XXXII

GONDEMAR SORTIT DE LA SALLE CAPITULAIRE avec la mission de préparer en toute hâte les montures afin de partir pour le château. Il accompagnerait frère Gui, frère Guillaume et les deux écuyers qui les escorteraient. Mais, auparavant, il devait retrouver dame Aelis qui l’attendait à la chapelle. Il gagna donc rapidement le porche. Tout se bousculait dans sa tête : l’innocence de frère Roland, la mise en cause d’un tueur qu’il fallait à tout prix démasquer et dame Aelis qui l’attendait là, derrière la grande porte. Il ouvrit l’huis doucement. Il ne fallait pas éveiller les soupçons, frère Gui ne comprendrait pas.

Il aperçut la mince silhouette et son cœur se remit à cogner très fort dans sa poitrine. Il ne parvenait pas à adopter une attitude raisonnable. Il était planté maladroitement devant l’objet de ses rêves et priait de toutes ses forces pour que la damoiselle ne devinât pas son trouble. Le capuchon qu’elle avait rabattu faisait disparaître son visage dans l’ombre. Seul, l’éclat de son regard parvenait à franchir cette barrière de néant. Relevant légèrement la tête, la jeune femme décocha le plus innocemment du monde une volée de traits incendiaires qui pulvérisaient les défenses déjà chancelantes du pauvre novice. Elle n’avait aucune volonté de séduire et elle n’en était que plus redoutable pour le futur chevalier du Temple. Une aura quasi luminescente irradiait de tout son être. Le charme puissant de la sincérité – bien plus irrésistible encore que sa beauté pure et étincelante – émanait d’elle. Ce n’était pas une tentation du Malin destinée à faire dévier Gondemar de sa vocation. C’était un rai de lumière intense qui lui faisait entrevoir l’évidence absolue d’un sentiment incandescent. Ce sentiment dévastateur, aveuglant, mystique, Gondemar ne l’éprouvait pas en vain. Non, l’objet de sa dévotion se tenait bel et bien devant lui, vivante, radieuse.

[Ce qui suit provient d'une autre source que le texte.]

lemma homotopic_loops_pair_null_separated:
  fixes a b :: "real \<Rightarrow> 'a::real_normed_vector"
  assumes "path a" "pathfinish a = pathstart a"
    and "convex C" "path_image a \<subseteq> C" "0 \<notin> C" "C \<inter> path_image b = {}" "0 \<notin> path_image b"
    and null_b: "homotopic_loops (path_image b) b (\<lambda>_. pathstart b)"
  shows "homotopic_loops punctured_conf2 (\<lambda>t. (a t, b t)) (\<lambda>_. (pathstart a, pathstart b))"
proof -
  have b: "path b" "pathfinish b = pathstart b"
    using homotopic_loops_imp_path[OF null_b] homotopic_loops_imp_loop[OF null_b] by auto
  have a0: "pathstart a \<in> C" using assms(4) by (auto simp: pathstart_in_path_image)
  have slice: "C \<times> {b t} \<subseteq> punctured_conf2" if "t \<in> {0..1}" for t
    using that assms(5-7) by (auto simp: punctured_conf2_def path_image_def)
  have "homotopic_loops punctured_conf2 (\<lambda>t. (a t, b t)) (\<lambda>t. (pathstart a, b t))"
    (is "homotopic_loops _ _ ?slide")
  proof (rule homotopic_loops_linear)
    fix t :: real assume t: "t \<in> {0..1}"
    have "a t \<in> C" using assms(4) t by (auto simp: path_image_def)
    then have "closed_segment (a t, b t) (pathstart a, b t) \<subseteq> C \<times> {b t}"
      using a0 by (intro closed_segment_subset convex_Times assms(3) convex_singleton) auto
    then show "closed_segment (a t, b t) (pathstart a, b t) \<subseteq> punctured_conf2"
      using slice[OF t] by blast
  qed (use assms(1,2) b in \<open>auto simp: path_def pathstart_def pathfinish_def intro!: continuous_intros\<close>)
  moreover have "homotopic_loops punctured_conf2 ((\<lambda>z. (pathstart a, z)) \<circ> b)
      ((\<lambda>z. (pathstart a, z)) \<circ> (\<lambda>_. pathstart b))"
    using a0 assms(5-7)
    by (intro homotopic_loops_continuous_image[OF null_b]) (auto simp: punctured_conf2_def intro!: continuous_intros)
  then have "homotopic_loops punctured_conf2 ?slide (\<lambda>_. (pathstart a, pathstart b))"
    by (simp add: o_def)
  ultimately show ?thesis by (rule homotopic_loops_trans)
qed

text \<open>Slide both points inside \<open>C\<close>, keeping their difference, until the second one sits
  at its base point, and then contract the difference.\<close>
lemma homotopic_loops_pair_null_close:
  fixes a b :: "real \<Rightarrow> 'a::real_normed_vector"
  assumes "path a" "pathfinish a = pathstart a" "path b" "pathfinish b = pathstart b"
    and "convex C" "0 \<notin> C" "path_image a \<subseteq> C" "path_image b \<subseteq> C"
    and shifted: "\<And>t. t \<in> {0..1} \<Longrightarrow> pathstart b + (a t - b t) \<in> C"
    and distinct: "\<And>t. t \<in> {0..1} \<Longrightarrow> a t \<noteq> b t"
    and null_diff: "homotopic_loops (path_image (\<lambda>t. a t - b t)) (\<lambda>t. a t - b t)
      (\<lambda>_. pathstart a - pathstart b)"
  shows "homotopic_loops punctured_conf2 (\<lambda>t. (a t, b t)) (\<lambda>_. (pathstart a, pathstart b))"
proof -
  have b0: "pathstart b \<in> C" using assms(8) by (auto simp: pathstart_in_path_image)
  have "homotopic_loops punctured_conf2 (\<lambda>t. (a t, b t)) (\<lambda>t. (pathstart b + (a t - b t), pathstart b))"
    (is "homotopic_loops _ _ ?slide")
  proof (rule homotopic_loops_linear)
    fix t :: real assume t: "t \<in> {0..1}"
    define S where "S = (C \<times> C) \<inter> {p. fst p - snd p = a t - b t}"
    have "convex {p :: 'a \<times> 'a. fst p - snd p = a t - b t}"
    proof (rule convexI)
      fix p q :: "'a \<times> 'a" and u v :: real
      assume "p \<in> {p. fst p - snd p = a t - b t}" "q \<in> {p. fst p - snd p = a t - b t}" "u + v = 1"
      moreover have "fst (u *\<^sub>R p + v *\<^sub>R q) - snd (u *\<^sub>R p + v *\<^sub>R q)
          = u *\<^sub>R (fst p - snd p) + v *\<^sub>R (fst q - snd q)"
        by (simp add: algebra_simps)
      ultimately show "u *\<^sub>R p + v *\<^sub>R q \<in> {p. fst p - snd p = a t - b t}"
        by (simp flip: scaleR_add_left)
    qed
    then have "convex S" unfolding S_def using assms(5) by (intro convex_Int convex_Times)
    moreover have "(a t, b t) \<in> S" "(pathstart b + (a t - b t), pathstart b) \<in> S"
      using assms(7,8) shifted[OF t] b0 t by (auto simp: S_def path_image_def)
    ultimately have "closed_segment (a t, b t) (pathstart b + (a t - b t), pathstart b) \<subseteq> S"
      by (simp add: closed_segment_subset)
    moreover have "S \<subseteq> punctured_conf2"
      using assms(6) distinct[OF t] by (auto simp: S_def punctured_conf2_def)
    ultimately show "closed_segment (a t, b t) (pathstart b + (a t - b t), pathstart b) \<subseteq> punctured_conf2"
      by blast
  qed (use assms(1-4) in \<open>auto simp: path_def pathstart_def pathfinish_def intro!: continuous_intros\<close>)
  moreover have "homotopic_loops punctured_conf2 ((\<lambda>z. (pathstart b + z, pathstart b)) \<circ> (\<lambda>t. a t - b t))
      ((\<lambda>z. (pathstart b + z, pathstart b)) \<circ> (\<lambda>_. pathstart a - pathstart b))"
    using b0 assms(6) shifted distinct
    by (intro homotopic_loops_continuous_image[OF null_diff])
      (force simp: punctured_conf2_def path_image_def intro!: continuous_intros)+
  then have "homotopic_loops punctured_conf2 ?slide (\<lambda>_. (pathstart a, pathstart b))"
    by (simp add: o_def)
  ultimately show ?thesis by (rule homotopic_loops_trans)
qed

lemma homotopic_loops_pair_null_far:
  fixes a b :: "real \<Rightarrow> 'a::real_normed_vector"
  assumes "path a" "pathfinish a = pathstart a"
    and null_b: "homotopic_loops (path_image b) b (\<lambda>_. pathstart b)"
    and null_diff: "homotopic_loops (path_image (\<lambda>t. a t - b t)) (\<lambda>t. a t - b t)
      (\<lambda>_. pathstart a - pathstart b)"
    and a_ball: "path_image a \<subseteq> cball ca ra" and b_ball: "path_image b \<subseteq> cball cb rb"
    and far: "ra + 2 * rb < norm ca"
    and conf: "path_image (\<lambda>t. (a t, b t)) \<subseteq> punctured_conf2"
  shows "homotopic_loops punctured_conf2 (\<lambda>t. (a t, b t)) (\<lambda>_. (pathstart a, pathstart b))"
proof -
  have b: "path b" "pathfinish b = pathstart b"
    using homotopic_loops_imp_path[OF null_b] homotopic_loops_imp_loop[OF null_b] by auto
  have a_t: "dist ca (a t) \<le> ra" and b_t: "dist cb (b t) \<le> rb" if "t \<in> {0..1}" for t
    using that a_ball b_ball by (auto simp: path_image_def image_subset_iff)
  have conf_t: "a t \<noteq> 0" "b t \<noteq> 0" "a t \<noteq> b t" if "t \<in> {0..1}" for t
    using that conf by (auto simp: path_image_def image_subset_iff punctured_conf2_def)
  have b0: "dist cb (pathstart b) \<le> rb" using b_t[of 0] by (simp add: pathstart_def)
  then have "0 \<le> rb" using zero_le_dist order_trans by blast
  show ?thesis
  proof (cases "ra + rb < dist ca cb")
    case True
    show ?thesis
    proof (rule homotopic_loops_pair_null_separated[OF assms(1,2) convex_cball a_ball _ _ _ null_b])
      show "0 \<notin> cball ca ra" using far \<open>0 \<le> rb\<close> by simp
      show "cball ca ra \<inter> path_image b = {}"
      proof (rule equals0I)
        fix x assume "x \<in> cball ca ra \<inter> path_image b"
        then have "dist ca x \<le> ra" "dist cb x \<le> rb" using b_ball by auto
        then show False using True dist_triangle[of ca cb x] by (simp add: dist_commute)
      qed
      show "0 \<notin> path_image b" using conf_t(2) by (auto simp: path_image_def)
    qed
  next
    case False
    show ?thesis
    proof (rule homotopic_loops_pair_null_close[OF assms(1,2) b convex_cball _ _ _ _ _ null_diff])
      show "0 \<notin> cball ca (ra + 2 * rb)" using far by simp
      show "path_image a \<subseteq> cball ca (ra + 2 * rb)" using a_ball \<open>0 \<le> rb\<close> by auto
      show "path_image b \<subseteq> cball ca (ra + 2 * rb)"
      proof
        fix x assume "x \<in> path_image b"
        then have "dist cb x \<le> rb" using b_ball by auto
        then show "x \<in> cball ca (ra + 2 * rb)" using False dist_triangle[of ca x cb] by simp
      qed
      show "pathstart b + (a t - b t) \<in> cball ca (ra + 2 * rb)" if "t \<in> {0..1}" for t
      proof -
        have "ca - (pathstart b + (a t - b t)) = (ca - a t) + (b t - pathstart b)"
          by (simp add: algebra_simps)
        then have "dist ca (pathstart b + (a t - b t)) \<le> dist ca (a t) + dist (b t) (pathstart b)"
          by (metis dist_norm norm_triangle_ineq)
        also have "\<dots> \<le> ra + 2 * rb"
          using a_t[OF that] b_t[OF that] b0 dist_triangle3[of "b t" "pathstart b" cb] by linarith
        finally show ?thesis by simp
      qed
    qed (use conf_t(3) in auto)
  qed
qed

lemma homotopic_loops_pair_null:
  fixes a b :: "real \<Rightarrow> 'a::real_normed_vector"
  assumes null_a: "homotopic_loops (path_image a) a (\<lambda>_. pathstart a)"
    and null_b: "homotopic_loops (path_image b) b (\<lambda>_. pathstart b)"
    and null_diff: "homotopic_loops (path_image (\<lambda>t. a t - b t)) (\<lambda>t. a t - b t)
      (\<lambda>_. pathstart a - pathstart b)"
    and a_ball: "path_image a \<subseteq> cball ca ra" and b_ball: "path_image b \<subseteq> cball cb rb"
    and far: "ra + 2 * rb < norm ca \<or> rb + 2 * ra < norm cb"
    and conf: "path_image (\<lambda>t. (a t, b t)) \<subseteq> punctured_conf2"
  shows "homotopic_loops punctured_conf2 (\<lambda>t. (a t, b t)) (\<lambda>_. (pathstart a, pathstart b))"
proof -
  have a: "path a" "pathfinish a = pathstart a"
    using homotopic_loops_imp_path[OF null_a] homotopic_loops_imp_loop[OF null_a] by auto
  have b: "path b" "pathfinish b = pathstart b"
    using homotopic_loops_imp_path[OF null_b] homotopic_loops_imp_loop[OF null_b] by auto
  have swap: "continuous_on S (\<lambda>p. (snd p, fst p))"
    "(\<lambda>p. (snd p, fst p)) \<in> punctured_conf2 \<rightarrow> punctured_conf2" for S :: "('a \<times> 'a) set"
    by (auto simp: punctured_conf2_def intro!: continuous_intros)
  from far show ?thesis
  proof
    assume "ra + 2 * rb < norm ca"
    then show ?thesis
      using homotopic_loops_pair_null_far[OF a null_b null_diff a_ball b_ball _ conf] by blast
  next
    assume far_b: "rb + 2 * ra < norm cb"
    have "homotopic_loops (uminus ` path_image (\<lambda>t. a t - b t)) (uminus \<circ> (\<lambda>t. a t - b t))
        (uminus \<circ> (\<lambda>_. pathstart a - pathstart b))"
      by (rule homotopic_loops_continuous_image[OF null_diff]) (auto intro: continuous_intros)
    then have null_diff': "homotopic_loops (path_image (\<lambda>t. b t - a t)) (\<lambda>t. b t - a t)
        (\<lambda>_. pathstart b - pathstart a)"
      by (simp add: o_def path_image_def image_image)
    have "path_image (\<lambda>t. (b t, a t)) \<subseteq> punctured_conf2"
      using conf by (auto simp: path_image_def image_subset_iff punctured_conf2_def)
    from homotopic_loops_pair_null_far[OF b null_a null_diff' b_ball a_ball far_b this]
    have "homotopic_loops punctured_conf2 ((\<lambda>p. (snd p, fst p)) \<circ> (\<lambda>t. (b t, a t)))
        ((\<lambda>p. (snd p, fst p)) \<circ> (\<lambda>_. (pathstart b, pathstart a)))"
      using swap by (intro homotopic_loops_continuous_image)
    then show ?thesis by (simp add: o_def)
  qed
qed

section \<open>The loops of the words in T\<close>

definition unit_step :: "nat \<times> bool \<Rightarrow> complex" where
  "unit_step p = (if fst p = 1 then sgn_b (snd p) else \<i> * sgn_b (snd p))"

lemma unit_step_flip: "unit_step (i, \<not> e) = - unit_step (i, e)"
  by (simp add: unit_step_def sgn_b_def)

lemma filter_map_step_x: "filter (\<lambda>v. v \<noteq> 0) (map step_x w) = map unit_step (proj_a w)"
proof (induction w)
  case (Cons l w)
  then show ?case by (cases l; cases "fst l") (auto simp: proj_a_def unit_step_def sgn_b_def)
qed (simp add: proj_a_def)

lemma filter_map_step_y:
  "filter (\<lambda>v. v \<noteq> 0) (map step_y w) = map (\<lambda>p. - unit_step p) (proj_b w)"
proof (induction w)
  case (Cons l w)
  then show ?case by (cases l; cases "fst l") (auto simp: proj_b_def unit_step_def sgn_b_def)
qed (simp add: proj_b_def)

lemma map_step_x_minus_step_y:
  "map (\<lambda>l. step_x l - step_y l) w = map (\<lambda>p. - unit_step p) (proj_c w)"
proof (induction w)
  case (Cons l w)
  then show ?case by (cases l; cases "fst l") (auto simp: proj_c_def unit_step_def sgn_b_def)
qed (simp add: proj_c_def)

Un élan irraisonné saisit le jeune homme qui se jeta à ses pieds, vaincu.

— Depuis que je vous ai vue, je ne pense plus qu’à vous. Je vous offre ma vie, acceptez-moi comme votre serf.

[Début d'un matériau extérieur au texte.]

lemma diag_hom: "ring_hom_cring A R (\<lambda>a. (a, a))"
  by (intro ring_hom_cring.intro ring_hom_cring_axioms.intro dup_cring is_cring ring_hom_memI)
     (auto simp: diag_in_dup)

lemma fst_surj: "fst ` carrier R = carrier A"
proof
  show "fst ` carrier R \<subseteq> carrier A" by (auto simp: dup_carrier)
  show "carrier A \<subseteq> fst ` carrier R" using diag_in_dup by (metis fst_conv image_eqI subsetI)
qed

lemma dup_regular_pair:
  assumes z: "(x, y) \<in> carrier R" and x: "regular_elem A x" and y: "regular_elem A y"
  shows "regular_elem R (x, y)"
  unfolding regular_iff
proof (intro conjI ballI impI)
  fix w assume w: "w \<in> carrier R" "(x, y) \<otimes>\<^bsub>R\<^esub> w = \<zero>\<^bsub>R\<^esub>"
  have "x \<otimes> fst w = \<zero>" "y \<otimes> snd w = \<zero>" using w(2) by simp_all
  moreover have "fst w \<in> carrier A" "snd w \<in> carrier A" using w(1) by (simp_all add: dup_carrier)
  ultimately have "fst w = \<zero>" "snd w = \<zero>" using x y unfolding regular_iff by blast+
  then show "w = \<zero>\<^bsub>R\<^esub>" by (simp add: prod_eq_iff)
qed (rule z)

text \<open>A regular element (b, b + i) of the duplication has regular first coordinate: a
  zero-divisor c of b would give the zero-divisor (c, c) or (i c, 0) of (b, b + i).\<close>
lemma dup_regular_fst:
  assumes z: "regular_elem R z"
  shows "regular_elem A (fst z)"
proof -
  have zc: "z \<in> carrier R"
    and z_reg: "\<And>w. w \<in> carrier R \<Longrightarrow> z \<otimes>\<^bsub>R\<^esub> w = \<zero>\<^bsub>R\<^esub> \<Longrightarrow> w = \<zero>\<^bsub>R\<^esub>"
    using z unfolding regular_iff by blast+
  define b i where "b = fst z" and "i = snd z \<ominus> fst z"
  have bc: "b \<in> carrier A" and iI: "i \<in> I" and ic: "i \<in> carrier A"
    using zc I_carrier unfolding b_def i_def dup_carrier by auto
  have z_eq: "z = (b, b \<oplus> i)"
    using zc unfolding b_def i_def dup_carrier by (simp add: prod_eq_iff) algebra
  show ?thesis unfolding regular_iff
  proof (intro conjI ballI impI)
    show "fst z \<in> carrier A" using bc b_def by simp
    fix c assume c: "c \<in> carrier A" "fst z \<otimes> c = \<zero>"
    then have bc0: "b \<otimes> c = \<zero>" using b_def by simp
    show "c = \<zero>"
    proof (cases "i \<otimes> c = \<zero>")
      case True
      then have "z \<otimes>\<^bsub>R\<^esub> (c, c) = \<zero>\<^bsub>R\<^esub>" using z_eq bc0 bc ic c by (simp add: l_distr)
      from z_reg[OF diag_in_dup[OF c(1)] this] show ?thesis by simp
    next
      case False
      have "i \<otimes> c \<in> I" using ideal.I_r_closed[OF I_ideal iI c(1)] .
      moreover have "\<zero> \<ominus> i \<otimes> c = \<ominus> (i \<otimes> c)" using ic c by algebra
      ultimately have w: "(i \<otimes> c, \<zero>) \<in> carrier R"
        using ideal.axioms(1)[OF I_ideal] ic c by (simp add: dup_carrier additive_subgroup.a_inv_closed)
      have "b \<otimes> (i \<otimes> c) = i \<otimes> (b \<otimes> c)" using bc ic c by (simp add: m_lcomm)
      then have "z \<otimes>\<^bsub>R\<^esub> (i \<otimes> c, \<zero>) = \<zero>\<^bsub>R\<^esub>" using bc0 bc ic by (subst z_eq) simp
      from z_reg[OF w this] False show ?thesis by simp
    qed
  qed
qed
lemma rep_defect_add_left:
  "rep_defect mu (\<lambda>l. X l + X' l) Y x = rep_defect mu X Y x + rep_defect mu X' Y x"
  unfolding rep_defect_def wbracket_add_left mu_add_left mu_add_right by (simp add: algebra_simps)

lemma rep_defect_add_right:
  "rep_defect mu X (\<lambda>l. Y l + Y' l) x = rep_defect mu X Y x + rep_defect mu X Y' x"
  unfolding rep_defect_def wbracket_add_right mu_add_left mu_add_right by (simp add: algebra_simps)

context
  assumes "Vector_Spaces.vector_space smul"
begin

interpretation vector_space smul by fact

lemma rep_defect_kscale_left:
  "rep_defect mu (\<lambda>l. kscale c (X l)) Y x = smul c (rep_defect mu X Y x)"
  unfolding rep_defect_def wbracket_kscale_left mu_kscale_left mu_smul_right scale_right_diff_distrib ..

lemma rep_defect_kscale_right:
  "rep_defect mu X (\<lambda>l. kscale c (Y l)) x = smul c (rep_defect mu X Y x)"
  unfolding rep_defect_def wbracket_kscale_right mu_kscale_left mu_smul_right scale_right_diff_distrib ..

lemma rep_defect_eq_0_iff_basis:
  "(\<forall>X Y x. rep_defect mu X Y x = 0)
    \<longleftrightarrow> (\<forall>m i m' j y. rep_defect mu (vf (monom m) i) (vf (monom m') j) y = 0)"
proof (intro iffI allI)
  fix X Y x
  assume basis: "\<forall>m i m' j y. rep_defect mu (vf (monom m) i) (vf (monom m') j) y = 0"
  have basis_left: "rep_defect mu (vf (monom m) i) Y' y = 0" for m i Y' y
    by (rule additive_on_W_eq_0[of "\<lambda>Y. rep_defect mu (vf (monom m) i) Y y"])
      (simp_all add: rep_defect_add_right vf_single_eq_kscale rep_defect_kscale_right basis)
  show "rep_defect mu X Y x = 0"
    by (rule additive_on_W_eq_0[of "\<lambda>X. rep_defect mu X Y x"])
      (simp_all add: rep_defect_add_left vf_single_eq_kscale rep_defect_kscale_left basis_left)
qed simp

Les grands yeux de dame Aelis plongeant dans le trouble béant de Gondemar lui infligèrent le coup de grâce. Il se perdait dans la magie de ce regard sans pouvoir rien y faire. Aelis paraissait terriblement gênée.

— Je reçois votre hommage, mon ami, mais il est excessif. Relevez-vous, je vous prie. Je crois que vos frères jugeraient inconvenant de voir l’un des leurs genou à terre devant une dame. N’est-ce pas défendu par votre règle, messire ?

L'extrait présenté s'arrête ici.